[Records contained in a dataset]
inductive_set denoms :: "nat \<Rightarrow> lat set \<Rightarrow> 't::idom ST set" for r R where
  one: "1 \<in> denoms r R"
| two: "q \<in> denoms r R \<Longrightarrow> 2 * q \<in> denoms r R"
| root: "q \<in> denoms r R \<Longrightarrow> a \<in> aff_roots R \<Longrightarrow> linx r a * q \<in> denoms r R"

definition QT :: "nat \<Rightarrow> lat set \<Rightarrow> 't::idom ST fract set" where
  "QT r R = {Fract p q | p q. q \<in> denoms r R}"

definition STf :: "'t::idom ST fract set" where
  "STf = range (\<lambda>p. Fract p 1)"

text \<open>Direct sum over I(s): functions on index tuples, zero outside I(s).\<close>
definition dsum :: "nat \<Rightarrow> lat set \<Rightarrow> nat \<Rightarrow> (nat list \<Rightarrow> 't::idom ST fract) set" where
  "dsum r R l = {f. (\<forall>\<sigma>\<in>idx l. f \<sigma> \<in> QT r R) \<and> (\<forall>\<sigma>. \<sigma> \<notin> idx l \<longrightarrow> f \<sigma> = 0)}"

text \<open>Delta : (+)_{I(s')} -> (+)_{I(s)}, with l = length s.\<close>
definition Delta :: "nat \<Rightarrow> (nat list \<Rightarrow> 'a::zero) \<Rightarrow> nat list \<Rightarrow> 'a" where
  "Delta l z \<sigma> = (if \<sigma> \<in> idx (l - 1) then z \<sigma>
      else if \<sigma> \<noteq> [] \<and> last \<sigma> = l \<and> butlast \<sigma> \<in> idx (l - 1) then z (butlast \<sigma>) else 0)"

definition cmul :: "nat \<Rightarrow> (lat \<Rightarrow> lat) \<Rightarrow> lat \<Rightarrow> lat option list \<Rightarrow> alat
     \<Rightarrow> (nat list \<Rightarrow> 't::idom ST fract) \<Rightarrow> nat list \<Rightarrow> 't ST fract" where
  "cmul r cor g s x f \<sigma> = Fract (linx r (ev r cor g s \<sigma> x)) 1 * f \<sigma>"

definition cinv :: "nat \<Rightarrow> (lat \<Rightarrow> lat) \<Rightarrow> lat \<Rightarrow> lat option list \<Rightarrow> alat
     \<Rightarrow> (nat list \<Rightarrow> 't::idom ST fract) \<Rightarrow> nat list \<Rightarrow> 't ST fract" where
  "cinv r cor g s x f \<sigma> = f \<sigma> / Fract (linx r (ev r cor g s \<sigma> x)) 1"

definition setplus :: "('a::plus) set \<Rightarrow> 'a set \<Rightarrow> 'a set" where
  "setplus A B = {a + b | a b. a \<in> A \<and> b \<in> B}"

fun Yrev :: "nat \<Rightarrow> (lat \<Rightarrow> lat) \<Rightarrow> lat \<Rightarrow> lat option list \<Rightarrow> (nat list \<Rightarrow> 't::idom ST fract) set" where
  "Yrev r cor g [] = {f. f [] \<in> STf \<and> (\<forall>\<sigma>. \<sigma> \<noteq> [] \<longrightarrow> f \<sigma> = 0)}"
| "Yrev r cor g (t # rs) =
     (let s = rev (t # rs); A = Delta (length s) ` Yrev r cor g rs
      in setplus A (cinv r cor g s (sroot g t) ` A))"

definition YT :: "nat \<Rightarrow> (lat \<Rightarrow> lat) \<Rightarrow> lat \<Rightarrow> lat option list \<Rightarrow> (nat list \<Rightarrow> 't::idom ST fract) set" where
  "YT r cor g s = Yrev r cor g (rev s)"

end

theory Submission
  imports Defs "HOL-Library.Product_Plus"
begin

text \<open>
  The decomposition of \<open>Y\<^sub>T(s)\<close> holds by definition, and membership in the direct sum
  follows by induction: all denominators introduced by \<open>(c\<^sup>\<alpha>\<^sub>l)\<^sup>-\<^sup>1\<close> are images
  \<open>ev(\<sigma>)(\<alpha>\<^sub>l)\<close> of an affine root, hence affine roots.
  For the directness, \<open>\<Delta>(z)\<close> takes the same value \<open>z\<^sub>\<tau>\<close> at \<open>\<tau>\<close> and at \<open>\<tau>s\<^sub>l\<close>, while
  \<open>ev(\<tau>s\<^sub>l)(\<alpha>\<^sub>l) = -ev(\<tau>)(\<alpha>\<^sub>l)\<close> because \<open>s\<^sub>l\<close> negates its simple root. So if
  \<open>\<Delta>(z) = (c\<^sup>\<alpha>\<^sub>l)\<^sup>-\<^sup>1\<Delta>(z')\<close>, comparing the components \<open>\<tau>\<close> and \<open>\<tau>s\<^sub>l\<close> gives
  \<open>z\<^sub>\<tau> = -z\<^sub>\<tau>\<close>, and \<open>z\<^sub>\<tau> = 0\<close> since 2 is not a zero divisor.
\<close>

lemma pair_uminus_left: "pair r (- v) w = - pair r v w"
  by (simp add: pair_def sum_negf)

■ ACTION ITEM: Would you give the data above again, exactly as written?

■ WRITTEN RESPONSE:
inductive_set denoms :: "nat \<Rightarrow> lat set \<Rightarrow> 't::idom ST set" for r R where
  one: "1 \<in> denoms r R"
| two: "q \<in> denoms r R \<Longrightarrow> 2 * q \<in> denoms r R"
| root: "q \<in> denoms r R \<Longrightarrow> a \<in> aff_roots R \<Longrightarrow> linx r a * q \<in> denoms r R"

definition QT :: "nat \<Rightarrow> lat set \<Rightarrow> 't::idom ST fract set" where
  "QT r R = {Fract p q | p q. q \<in> denoms r R}"

definition STf :: "'t::idom ST fract set" where
  "STf = range (\<lambda>p. Fract p 1)"

text \<open>Direct sum over I(s): functions on index tuples, zero outside I(s).\<close>
definition dsum :: "nat \<Rightarrow> lat set \<Rightarrow> nat \<Rightarrow> (nat list \<Rightarrow> 't::idom ST fract) set" where
  "dsum r R l = {f. (\<forall>\<sigma>\<in>idx l. f \<sigma> \<in> QT r R) \<and> (\<forall>\<sigma>. \<sigma> \<notin> idx l \<longrightarrow> f \<sigma> = 0)}"

text \<open>Delta : (+)_{I(s')} -> (+)_{I(s)}, with l = length s.\<close>
definition Delta :: "nat \<Rightarrow> (nat list \<Rightarrow> 'a::zero) \<Rightarrow> nat list \<Rightarrow> 'a" where
  "Delta l z \<sigma> = (if \<sigma> \<in> idx (l - 1) then z \<sigma>
      else if \<sigma> \<noteq> [] \<and> last \<sigma> = l \<and> butlast \<sigma> \<in> idx (l - 1) then z (butlast \<sigma>) else 0)"

definition cmul :: "nat \<Rightarrow> (lat \<Rightarrow> lat) \<Rightarrow> lat \<Rightarrow> lat option list \<Rightarrow> alat
     \<Rightarrow> (nat list \<Rightarrow> 't::idom ST fract) \<Rightarrow> nat list \<Rightarrow> 't ST fract" where
  "cmul r cor g s x f \<sigma> = Fract (linx r (ev r cor g s \<sigma> x)) 1 * f \<sigma>"

definition cinv :: "nat \<Rightarrow> (lat \<Rightarrow> lat) \<Rightarrow> lat \<Rightarrow> lat option list \<Rightarrow> alat
     \<Rightarrow> (nat list \<Rightarrow> 't::idom ST fract) \<Rightarrow> nat list \<Rightarrow> 't ST fract" where
  "cinv r cor g s x f \<sigma> = f \<sigma> / Fract (linx r (ev r cor g s \<sigma> x)) 1"

definition setplus :: "('a::plus) set \<Rightarrow> 'a set \<Rightarrow> 'a set" where
  "setplus A B = {a + b | a b. a \<in> A \<and> b \<in> B}"

fun Yrev :: "nat \<Rightarrow> (lat \<Rightarrow> lat) \<Rightarrow> lat \<Rightarrow> lat option list \<Rightarrow> (nat list \<Rightarrow> 't::idom ST fract) set" where
  "Yrev r cor g [] = {f. f [] \<in> STf \<and> (\<forall>\<sigma>. \<sigma> \<noteq> [] \<longrightarrow> f \<sigma> = 0)}"
| "Yrev r cor g (t # rs) =
     (let s = rev (t # rs); A = Delta (length s) ` Yrev r cor g rs
      in setplus A (cinv r cor g s (sroot g t) ` A))"

definition YT :: "nat \<Rightarrow> (lat \<Rightarrow> lat) \<Rightarrow> lat \<Rightarrow> lat option list \<Rightarrow> (nat list \<Rightarrow> 't::idom ST fract) set" where
  "YT r cor g s = Yrev r cor g (rev s)"

end

theory Submission
  imports Defs "HOL-Library.Product_Plus"
begin

text \<open>
  The decomposition of \<open>Y\<^sub>T(s)\<close> holds by definition, and membership in the direct sum
  follows by induction: all denominators introduced by \<open>(c\<^sup>\<alpha>\<^sub>l)\<^sup>-\<^sup>1\<close> are images
  \<open>ev(\<sigma>)(\<alpha>\<^sub>l)\<close> of an affine root, hence affine roots.
  For the directness, \<open>\<Delta>(z)\<close> takes the same value \<open>z\<^sub>\<tau>\<close> at \<open>\<tau>\<close> and at \<open>\<tau>s\<^sub>l\<close>, while
  \<open>ev(\<tau>s\<^sub>l)(\<alpha>\<^sub>l) = -ev(\<tau>)(\<alpha>\<^sub>l)\<close> because \<open>s\<^sub>l\<close> negates its simple root. So if
  \<open>\<Delta>(z) = (c\<^sup>\<alpha>\<^sub>l)\<^sup>-\<^sup>1\<Delta>(z')\<close>, comparing the components \<open>\<tau>\<close> and \<open>\<tau>s\<^sub>l\<close> gives
  \<open>z\<^sub>\<tau> = -z\<^sub>\<tau>\<close>, and \<open>z\<^sub>\<tau> = 0\<close> since 2 is not a zero divisor.
\<close>

lemma pair_uminus_left: "pair r (- v) w = - pair r v w"
  by (simp add: pair_def sum_negf)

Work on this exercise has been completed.